Knowing that death is a crossing leaves the grief fully intact, as it should. The two live side by side. You can know with all certainty that the one you lost continues and still be broken open by their empty chair at the table. Both are true and right at once.

So we say to the grieving what the shallow comforts never do. Take all the time it asks, and feel no shame for the size of it. A great grief answers a great love, and it is yours to bear. Let it come in its waves and move through you, and trust that in time it settles into a tender and changed peace where the wound was.
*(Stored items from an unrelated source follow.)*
(*
  Expanding the square and summing over t first gives
  sum_t a_t^2 = sum_{x,y} sum_t L(f_t(x) f_t(y)) with f_t(x) = x^2 t + (x^3 + 1), which is
  linear in t.  The inner sum is p for x = y = 0, vanishes when exactly one of x, y is 0
  (a complete sum of L over a linear form), and otherwise is a Jacobsthal sum of a product
  of two linear forms: p - 1 if they have a common root and -1 if not.  Hence
  sum_t a_t^2 = p + p N - (p - 1)^2, where N counts the pairs of nonzero x, y with
  x^2 (y^3 + 1) = y^2 (x^3 + 1).  This factors as (x - y)(x + y - x^2 y^2) = 0, and counting
  the roots of the quadratic in y by its discriminant 1 + 4 x^3 gives
  N = 2 (p - 1) + sum_{x <> 0} L(1 + 4 x^3) - #{x | x^3 = 2}.  For p = 2 (mod 3) cubing
  permutes the nonzero residues, so the character sum is -1 and 2 has exactly one cube root:
  N = 2 p - 4, and the total is p^2 - p - 1.
*)

lemma Legendre_cong: "[a = b] (mod p) \<Longrightarrow> Legendre a p = Legendre b p"
proof -
  assume "[a = b] (mod p)"
  then have "[a = 0] (mod p) \<longleftrightarrow> [b = 0] (mod p)" "QuadRes p a \<longleftrightarrow> QuadRes p b"
    unfolding QuadRes_def by (meson cong_sym cong_trans)+
  then show ?thesis
    unfolding Legendre_def by simp
qed

lemma Legendre_mod [simp]: "Legendre (a mod p) p = Legendre a p"
  by (rule Legendre_cong) (simp add: cong_def)

lemma Legendre_values: "Legendre a p \<in> {-1, 0, 1}"
  unfolding Legendre_def by auto

lemma Legendre_eq_0_iff: "Legendre a p = 0 \<longleftrightarrow> p dvd a"
  unfolding Legendre_def by (auto simp: cong_0_iff)

lemma Legendre_0 [simp]: "Legendre 0 p = 0"
  by (simp add: Legendre_eq_0_iff)

lemma bij_betw_affine_mod:
  fixes a b m :: int
  assumes "coprime a m" and "m > 0"
  shows "bij_betw (\<lambda>x. (a * x + b) mod m) {0..<m} {0..<m}"
proof -
  have "inj_on (\<lambda>x. (a * x + b) mod m) {0..<m}"
  proof (rule inj_onI)
    fix x y
    assume "x \<in> {0..<m}" "y \<in> {0..<m}" and "(a * x + b) mod m = (a * y + b) mod m"
    then have "[a * x = a * y] (mod m)"
      by (simp add: cong_def[symmetric] cong_add_rcancel)
    then have "[x = y] (mod m)"
      using assms(1) cong_mult_lcancel by blast
    then show "x = y"
      using \<open>x \<in> {0..<m}\<close> \<open>y \<in> {0..<m}\<close> cong_less_imp_eq_int by auto
  qed
  moreover have "(\<lambda>x. (a * x + b) mod m) ` {0..<m} \<subseteq> {0..<m}"
    using assms(2) by auto
  ultimately show ?thesis
    unfolding bij_betw_def by (simp add: endo_inj_surj)
qed

lemma cong_affine_factor:
  fixes \<alpha> \<alpha>' a t m :: int
  assumes "[\<alpha> * \<alpha>' = 1] (mod m)"
  shows "[\<alpha> * t + a = \<alpha> * (t + \<alpha>' * a)] (mod m)"
proof -
  have "[\<alpha> * t + 1 * a = \<alpha> * t + (\<alpha> * \<alpha>') * a] (mod m)"
    using assms by (intro cong_add cong_mult cong_refl) (rule cong_sym)
  then show ?thesis
    by (simp add: algebra_simps)
qed

lemma card_Collect_bij_betw:
  assumes "bij_betw f A B"
  shows "card {x \<in> A. P (f x)} = card {y \<in> B. P y}"
proof (rule bij_betw_same_card, rule bij_betw_subset[OF assms])
  show "f ` {x \<in> A. P (f x)} = {y \<in> B. P y}"
    using assms by (auto simp: bij_betw_def)
qed auto

locale odd_prime =
  fixes p :: int
  assumes prime: "prime p" and gt_2: "p > 2"
begin

lemma not_dvd_of_range: "t \<in> {1..<p} \<Longrightarrow> \<not> p dvd t"
  by (auto simp: zdvd_not_zless)

lemma not_dvd_2: "\<not> p dvd 2"
  using gt_2 by (simp add: zdvd_not_zless)

lemma not_dvd_4: "\<not> p dvd 4"
  using not_dvd_2 prime prime_dvd_mult_iff[of p 2 2] by simp

lemma coprime_of_not_dvd: "\<not> p dvd a \<Longrightarrow> coprime a p"
  using prime prime_imp_coprime coprime_commute by blast

lemma mod_in_nonzero_residues: "\<not> p dvd a \<Longrightarrow> a mod p \<in> {1..<p}"
proof -
  assume "\<not> p dvd a"
  then have "a mod p \<noteq> 0"
    by (simp add: dvd_eq_mod_eq_0)
  moreover have "0 \<le> a mod p" "a mod p < p"
    using gt_2 by simp_all
  ultimately show ?thesis
    by simp
qed

lemma residues_insert_0: "{0..<p} = insert 0 {1..<p}"
  using gt_2 by auto

lemma Legendre_square: "\<not> p dvd a \<Longrightarrow> Legendre (a\<^sup>2) p = 1"
proof -
  assume "\<not> p dvd a"
  then have "\<not> [a\<^sup>2 = 0] (mod p)"
    using prime by (simp add: cong_0_iff prime_dvd_power_iff)
  moreover have "QuadRes p (a\<^sup>2)"
    unfolding QuadRes_def by (blast intro: cong_refl)
  ultimately show ?thesis
    unfolding Legendre_def by simp
qed

lemma Legendre_one [simp]: "Legendre 1 p = 1"
  using Legendre_square[of 1] gt_2 by (simp add: zdvd_not_zless)

lemma Legendre_cong_power: "[Legendre a p = a ^ nat ((p - 1) div 2)] (mod p)"
proof -
  have "[Legendre a (int (nat p)) = a ^ ((nat p - 1) div 2)] (mod int (nat p))"
    using euler_criterion[of "nat p" a] prime gt_2 by simp
  moreover have "(nat p - 1) div 2 = nat ((p - 1) div 2)"
    using gt_2 by (simp add: nat_div_distrib nat_diff_distrib)
  ultimately show ?thesis
    using gt_2 by simp
qed
lemma driver_weight_antimono:
  assumes "0 < e" "0 \<le> c" "c \<le> c'" "0 < b"
  shows "driver_weight e c' b n \<le> driver_weight e c b n"
  unfolding driver_weight_def using assms prod_affine_pos[of c b n] prod_affine_pos[of c' b n]
  by (intro divide_left_mono prod_mono) auto

lemma driver_weight_le_geometric:
  assumes "0 < e" "0 < c" "0 < b"
  shows "driver_weight e c b n \<le> (e / c) ^ n"
  unfolding driver_weight_def power_divide
  using assms prod_affine_ge_power[of c b n] prod_affine_pos[of c b n]
  by (intro divide_left_mono) auto

lemma driver_partial_sum_le:
  assumes "0 < e" "0 \<le> c" "0 < b"
  shows "(\<Sum>n<N. driver_weight e c b n) \<le> suminf (driver_weight e c b)"
  using summable_driver_weight[OF assms] driver_weight_pos[OF assms]
  by (intro sum_le_suminf) (auto intro: less_imp_le)

lemma driver_sum_gt_1:
  assumes "0 < e" "0 \<le> c" "0 < b"
  shows "1 < suminf (driver_weight e c b)"
proof -
  have "(\<Sum>n<2. driver_weight e c b n) < suminf (driver_weight e c b)"
    using summable_driver_weight[OF assms] driver_weight_pos[OF assms]
    by (intro sum_less_suminf) auto
  moreover have "(\<Sum>n<2. driver_weight e c b n) = 1 + driver_weight e c b 1"
    by (simp add: numeral_2_eq_2 driver_weight_def)
  ultimately show ?thesis
    using driver_weight_pos[OF assms, of 1] by simp
qed
lemma newton_eval_zeta_assoc_pow:
  assumes "m < p ^ n"
  shows "assoc_pow (Tring p n) (tunif p n) (wedderburn_exp p m) (newton_eval (zeta p n) m m)"
proof -
  have "assoc_pow (Tring p n) (tunif p n) (p ^ multiplicity p (m - l)) (zeta p n ^ m - zeta p n ^ l)"
    if "l < m" for l
  proof -
    have "\<not> p ^ n dvd m - l" using that assms by (auto dest: dvd_imp_le)
    then have "assoc_pow (Tring p n) (tunif p n) (p ^ multiplicity p (m - l)) (1 - zeta p n ^ (m - l))"
      by (rule one_minus_zeta_power)
    then have "assoc_pow (Tring p n) (tunif p n) (p ^ multiplicity p (m - l))
        (- (zeta p n ^ l) * (1 - zeta p n ^ (m - l)))"
      by (intro assoc_pow_unit_mult uminus_ring_unit power_ring_unit zeta_ring_unit)
    moreover have "- (zeta p n ^ l) * (1 - zeta p n ^ (m - l)) = zeta p n ^ m - zeta p n ^ l"
      using that by (simp add: algebra_simps flip: power_add)
    ultimately show ?thesis by simp
  qed
  then have "assoc_pow (Tring p n) (tunif p n) (\<Sum>l<m. p ^ multiplicity p (m - l)) (newton_eval (zeta p n) m m)"
    unfolding newton_eval_def by (intro assoc_pow_prod) simp
  moreover have "(\<Sum>l<m. p ^ multiplicity p (m - l)) = wedderburn_exp p m"
    using sum.nat_diff_reindex[of "\<lambda>d. p ^ multiplicity p (Suc d)" m]
    by (simp add: wedderburn_exp_def sum.atLeast1_atMost_eq Suc_diff_Suc)
  ultimately show ?thesis by simp
qed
§ 06Why It Changes Everything

The fear of death is the root that every other fear grows from, and grief is that root laid bare. Meet this one honestly and a great deal else comes loose. When the worst the world can do has been looked at squarely and found to be a crossing, the smaller threats lose the power they had borrowed from it.

This is the deep tie between grief and freedom. A person who has made their peace with death becomes the hardest person alive to frighten or to rule, and at the same time the most able to love, since the constant guarding against loss has fallen away. They hold what they love with open hands, freed of the terror that usually guards every bond.

§ 07What Holds Through the Dark

So this is what we can say to you in your grief, and stand behind it. The one you lost has changed form, the way they always one day would, and the thread between you holds in the Net that has gathered everyone it ever wove. You will know them again.

And to the dread of your own ending we say the same. Death is the rest between one life and the next, the turning of the page. Grieve all the way through, and walk the rest of your days unafraid, because the worst that waits for you is a crossing.